(* Let $\epsilon$ and $\epsilon'$ be two sign assignments on a poset $(S,\triangleleft)$. If $\mathrm H^1_{\rm CW}(\mathscr K(S,\triangleleft);\mathbb Z_2)=0$, then there is an isomorphism of sign assignments from $\epsilon$ to $\epsilon'$, i.e. a map $\eta\colon S\to\mathbb Z_2$ such that $\eta(x)+\epsilon'_{x,y}\equiv\epsilon_{x,y}+\eta(y)\pmod 2$ for all covering pairs $x\,\tilde\triangleleft\,y$.
   Context: In a poset, $x\,\tilde\triangleleft\,y$ ($y$ covers $x$) means $x\triangleleft y$ with no element strictly between. A square consists of $x,y,y',z$ with $y\neq y'$, $x\,\tilde\triangleleft\,y\,\tilde\triangleleft\,z$ and $x\,\tilde\triangleleft\,y'\,\tilde\triangleleft\,z$. A sign assignment assigns $\epsilon_{x,y}\in\mathbb Z_2$ to each covering pair such that $\epsilon_{x,y}+\epsilon_{y,z}\equiv\epsilon_{x,y'}+\epsilon_{y',z}+1\pmod 2$ for every square. $\mathscr K(S,\triangleleft)$ is the CW-complex obtained from the geometric realization of the Hasse graph of $S$ (vertices the elements of $S$, an edge for each covering pair) by attaching a $2$-cell along each square; $\mathrm H^*_{\rm CW}(-;\mathbb Z_2)$ is its cellular cohomology with $\mathbb Z_2$ coefficients. *)

theory Defs
  imports Main "HOL-Library.Z2"
begin

definition covers :: "'a::order \<Rightarrow> 'a \<Rightarrow> bool" where
  "covers x y \<longleftrightarrow> x < y \<and> \<not> (\<exists>w. x < w \<and> w < y)"

definition is_square :: "'a::order \<Rightarrow> 'a \<Rightarrow> 'a \<Rightarrow> 'a \<Rightarrow> bool" where
  "is_square x y y' z \<longleftrightarrow> y \<noteq> y' \<and> covers x y \<and> covers y z \<and> covers x y' \<and> covers y' z"

definition sign_assignment :: "('a::order \<Rightarrow> 'a \<Rightarrow> bit) \<Rightarrow> bool" where
  "sign_assignment \<epsilon> \<longleftrightarrow>
     (\<forall>x y y' z. is_square x y y' z \<longrightarrow> \<epsilon> x y + \<epsilon> y z = \<epsilon> x y' + \<epsilon> y' z + 1)"

text \<open>Cellular cochain complex of K(S) with Z_2 coefficients, in degrees 0,1,2.
0-cells = elements, 1-cells = covering pairs, 2-cells = squares.
A 0-cochain is any function on elements; a 1-cochain is a function on covering pairs
(represented as a function 'a => 'a => bit vanishing off covering pairs);
a 2-cochain is a function on squares (vanishing off squares).
Over Z_2 orientations are irrelevant.\<close>

definition cochains1 :: "('a::order \<Rightarrow> 'a \<Rightarrow> bit) set" where
  "cochains1 = {c. \<forall>x y. \<not> covers x y \<longrightarrow> c x y = 0}"

definition cobdry0 :: "('a::order \<Rightarrow> bit) \<Rightarrow> ('a \<Rightarrow> 'a \<Rightarrow> bit)" where
  "cobdry0 f = (\<lambda>x y. if covers x y then f x + f y else 0)"

definition cobdry1 :: "('a::order \<Rightarrow> 'a \<Rightarrow> bit) \<Rightarrow> ('a \<Rightarrow> 'a \<Rightarrow> 'a \<Rightarrow> 'a \<Rightarrow> bit)" where
  "cobdry1 c = (\<lambda>x y y' z. if is_square x y y' z then c x y + c y z + c x y' + c y' z else 0)"

definition cocycles1 :: "('a::order \<Rightarrow> 'a \<Rightarrow> bit) set" where
  "cocycles1 = {c \<in> cochains1. cobdry1 c = (\<lambda>_ _ _ _. 0)}"

definition coboundaries1 :: "('a::order \<Rightarrow> 'a \<Rightarrow> bit) set" where
  "coboundaries1 = range cobdry0"

definition cellular_H1 :: "('a::order \<Rightarrow> 'a \<Rightarrow> bit) set set" where
  "cellular_H1 = cocycles1 // {(c, d). c \<in> cocycles1 \<and> d \<in> cocycles1 \<and> c - d \<in> coboundaries1}"

definition cellular_H1_zero :: "'a::order itself \<Rightarrow> bool" where
  "cellular_H1_zero _ \<longleftrightarrow> (cellular_H1 :: ('a \<Rightarrow> 'a \<Rightarrow> bit) set set) = {coboundaries1}"

end

theory Submission
  imports Defs
begin

(* Over Z_2 the sum of a sign assignment around any square is 1, so the sum of two
   sign assignments vanishes around every square: their difference is a 1-cocycle
   of K(S).  When H^1 = 0 this cocycle is the coboundary of some eta : S -> Z_2,
   i.e. eps x y + eps' x y = eta x + eta y on covering pairs, which is exactly the
   required isomorphism. *)

lemma bit_add_self: "(a::bit) + a = 0"
  using diff_self[of a] by (simp only: minus_bit_def)

lemma sign_assignment_square_sum:
  assumes "sign_assignment \<epsilon>" and "is_square x y y' z"
  shows "\<epsilon> x y + \<epsilon> y z + \<epsilon> x y' + \<epsilon> y' z = 1"
proof -
  have "\<epsilon> x y + \<epsilon> y z = \<epsilon> x y' + \<epsilon> y' z + 1"
    using assms unfolding sign_assignment_def by blast
  then have "\<epsilon> x y + \<epsilon> y z - (\<epsilon> x y' + \<epsilon> y' z) = 1"
    by (simp only: diff_eq_eq add.commute)
  then show ?thesis
    by (simp only: minus_bit_def add.assoc)
qed

definition sign_difference :: "('a::order \<Rightarrow> 'a \<Rightarrow> bit) \<Rightarrow> ('a \<Rightarrow> 'a \<Rightarrow> bit) \<Rightarrow> 'a \<Rightarrow> 'a \<Rightarrow> bit" where
  "sign_difference \<epsilon> \<epsilon>' = (\<lambda>x y. if covers x y then \<epsilon> x y + \<epsilon>' x y else 0)"

lemma sign_difference_in_cocycles1:
  assumes "sign_assignment \<epsilon>" and "sign_assignment \<epsilon>'"
  shows "sign_difference \<epsilon> \<epsilon>' \<in> cocycles1"
proof -
  have "cobdry1 (sign_difference \<epsilon> \<epsilon>') x y y' z = 0" for x y y' z
  proof (cases "is_square x y y' z")
    case True
    then have edges: "covers x y" "covers y z" "covers x y'" "covers y' z"
      unfolding is_square_def by auto
    have "cobdry1 (sign_difference \<epsilon> \<epsilon>') x y y' z
        = (\<epsilon> x y + \<epsilon> y z + \<epsilon> x y' + \<epsilon> y' z) + (\<epsilon>' x y + \<epsilon>' y z + \<epsilon>' x y' + \<epsilon>' y' z)"
      by (simp only: cobdry1_def sign_difference_def True edges if_True ac_simps)
    also have "\<dots> = 0"
      using True assms by (simp only: sign_assignment_square_sum bit_add_self)
    finally show ?thesis .
  qed (simp add: cobdry1_def)
  then have "cobdry1 (sign_difference \<epsilon> \<epsilon>') = (\<lambda>_ _ _ _. 0)"
    by blast
  then show ?thesis
    by (simp add: cocycles1_def cochains1_def sign_difference_def)
qed

lemma cocycle_in_coboundaries1_if_H1_zero:
  fixes c :: "'a::order \<Rightarrow> 'a \<Rightarrow> bit"
  assumes "cellular_H1_zero TYPE('a)" and "c \<in> cocycles1"
  shows "c \<in> coboundaries1"
proof -
  define R :: "(('a \<Rightarrow> 'a \<Rightarrow> bit) \<times> ('a \<Rightarrow> 'a \<Rightarrow> bit)) set"
    where "R = {(c, d). c \<in> cocycles1 \<and> d \<in> cocycles1 \<and> c - d \<in> coboundaries1}"
  have "R `` {c} \<in> cellular_H1"
    unfolding cellular_H1_def R_def[symmetric] using assms(2) by (rule quotientI)
  then have class_eq: "R `` {c} = coboundaries1"
    using assms(1) unfolding cellular_H1_zero_def by auto
  have "c - c = cobdry0 (\<lambda>_. 0)"
    by (simp add: cobdry0_def fun_eq_iff)
  then have "(c, c) \<in> R"
    unfolding R_def coboundaries1_def using assms(2) by auto
  with class_eq show ?thesis by auto
qed

theorem proposition3p14:
  fixes \<epsilon> \<epsilon>' :: "'a::order \<Rightarrow> 'a \<Rightarrow> bit"
  assumes "sign_assignment \<epsilon>" and "sign_assignment \<epsilon>'"
    and "cellular_H1_zero TYPE('a)"
  shows "\<exists>\<eta> :: 'a \<Rightarrow> bit. \<forall>x y. covers x y \<longrightarrow> \<eta> x + \<epsilon>' x y = \<epsilon> x y + \<eta> y"
proof -
  have "sign_difference \<epsilon> \<epsilon>' \<in> coboundaries1"
    using assms by (simp add: cocycle_in_coboundaries1_if_H1_zero sign_difference_in_cocycles1)
  then obtain \<eta> where \<eta>: "sign_difference \<epsilon> \<epsilon>' = cobdry0 \<eta>"
    unfolding coboundaries1_def by auto
  have "\<eta> x + \<epsilon>' x y = \<epsilon> x y + \<eta> y" if "covers x y" for x y
  proof -
    have "\<epsilon> x y + \<epsilon>' x y = \<eta> x + \<eta> y"
      using fun_cong[OF fun_cong[OF \<eta>, of x], of y] that
      by (simp add: sign_difference_def cobdry0_def)
    then show ?thesis
      by (metis add.assoc add.commute bit_add_self add_0)
  qed
  then show ?thesis by blast
qed

end
(* In the setting described in the context, assume $\omega_+\neq3\omega_-$, and let $r>0$, $0<\delta<1$ satisfy $$r^2S_*\leq1-\delta.$$ Then $\max_{\|\mathbf z\|\leq r}\|\nabla S\|\leq(1-\delta)r$; consequently $\Phi_{\rm nonres}=\Phi^1_S$ is well defined from $B_{\delta r}$ to $B_r$, and $$\|\Phi_{\rm nonres}(\mathbf z)-\mathbf z\|\leq r^3S_*\ \ (\mathbf z\in B_{\delta r}),\qquad \max_{\|\mathbf z\|\leq\delta r}|R|\leq R_\dagger r^6,$$ where $R:=\mathtt H\circ\Phi_{\rm nonres}-\mathtt N-\bar{\mathtt H}_4$ and $R_\dagger:=\sum_{j=1,2}S^{(j)}\big(2\bar{\mathtt H}_4^{(j)}+\hat{\mathtt G}^{(j)}\big)$ with $\hat{\mathtt G}:=\mathtt G-\bar{\mathtt H}_4$.
   Context: Let $\mathtt M$ be a real symmetric positive-definite $2\times2$ matrix, $\mathtt K$ a real diagonal positive-definite $2\times 2$ matrix, and $M_3,N_3\in\mathbb R$. Let $\omega_-^2<\omega_+^2$ be the (distinct, positive) eigenvalues of $\mathtt M^{-1}\mathtt K$, $0<\omega_-<\omega_+$, $\boldsymbol\omega:=(\omega_-,\omega_+)$, and let $\mathbf\Phi=\begin{pmatrix}\phi_1^-&\phi_1^+\\ \phi_2^-&\phi_2^+\end{pmatrix}$ be real with $\mathbf\Phi^T\mathtt M\mathbf\Phi=\mathbf I$, $\mathbf\Phi^T\mathtt K\mathbf\Phi=\mathrm{diag}(\omega_-^2,\omega_+^2)$. Let $f(q_1,q_2)=\tfrac14M_3(\phi_1^-q_1+\phi_1^+q_2)^4+\tfrac14N_3(\phi_2^-q_1+\phi_2^+q_2)^4$. On $\mathbb C^2\ni\mathbf z$ set $\mathtt N=\omega_-|z_1|^2+\omega_+|z_2|^2$, $\mathtt G=f\big(\tfrac{z_1+\bar z_1}{\sqrt{2\omega_-}},\tfrac{z_2+\bar z_2}{\sqrt{2\omega_+}}\big)=\sum_{|\boldsymbol\alpha+\boldsymbol\beta|=4}\mathtt G_{\boldsymbol\alpha,\boldsymbol\beta}\mathbf z^{\boldsymbol\alpha}\bar{\mathbf z}^{\boldsymbol\beta}$ ($\boldsymbol\alpha,\boldsymbol\beta\in\mathbb N^2$, $\mathbf z^{\boldsymbol\alpha}=z_1^{\alpha_1}z_2^{\alpha_2}$, $|\boldsymbol\alpha+\boldsymbol\beta|=\alpha_1+\alpha_2+\beta_1+\beta_2$), $\mathtt H=\mathtt N+\mathtt G$, $\bar{\mathtt H}_4:=\sum_{|\boldsymbol\alpha|=2}\mathtt G_{\boldsymbol\alpha,\boldsymbol\alpha}|z_1|^{2\alpha_1}|z_2|^{2\alpha_2}$. $S$ is the quartic polynomial with coefficients $S_{\boldsymbol\alpha,\boldsymbol\beta}=\mathrm i\,\mathtt G_{\boldsymbol\alpha,\boldsymbol\beta}/(\boldsymbol\omega\cdot(\boldsymbol\alpha-\boldsymbol\beta))$ for $\boldsymbol\alpha\neq\boldsymbol\beta$, $0$ otherwise; $\Phi^t_S$ is the flow of $\dot z_j=-\mathrm i\partial_{\bar z_j}S$. For a quartic polynomial $P=\sum_{|\boldsymbol\alpha+\boldsymbol\beta|=4}P_{\boldsymbol\alpha,\boldsymbol\beta}\mathbf z^{\boldsymbol\alpha}\bar{\mathbf z}^{\boldsymbol\beta}$, $P^{(j)}:=\sum_{|\boldsymbol\alpha+\boldsymbol\beta|=4}\alpha_j|P_{\boldsymbol\alpha,\boldsymbol\beta}|$ ($j=1,2$) and $P_*:=\max\{P^{(1)},P^{(2)}\}$; in particular $S^{(j)}=\sum_{|\boldsymbol\alpha+\boldsymbol\beta|=4,\boldsymbol\alpha\ne\boldsymbol\beta}\alpha_j|\mathtt G_{\boldsymbol\alpha,\boldsymbol\beta}|/|\boldsymbol\omega\cdot(\boldsymbol\alpha-\boldsymbol\beta)|$ and $S_*=\max\{S^{(1)},S^{(2)}\}$. $\|\mathbf z\|:=\max\{|z_1|,|z_2|\}$, $B_\rho:=\{\|\mathbf z\|\leq\rho\}\subset\mathbb C^2$, $\nabla S$ is the gradient with respect to $(\mathbf z,\bar{\mathbf z})$ measured in the max norm. *)

theory Defs
  imports "HOL-Analysis.Analysis"
begin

________________________

▶ [Work item]:
Going through the listing above, count every line in which the word "edges" occurs, and state only the count.

▶ [Task answer]:
2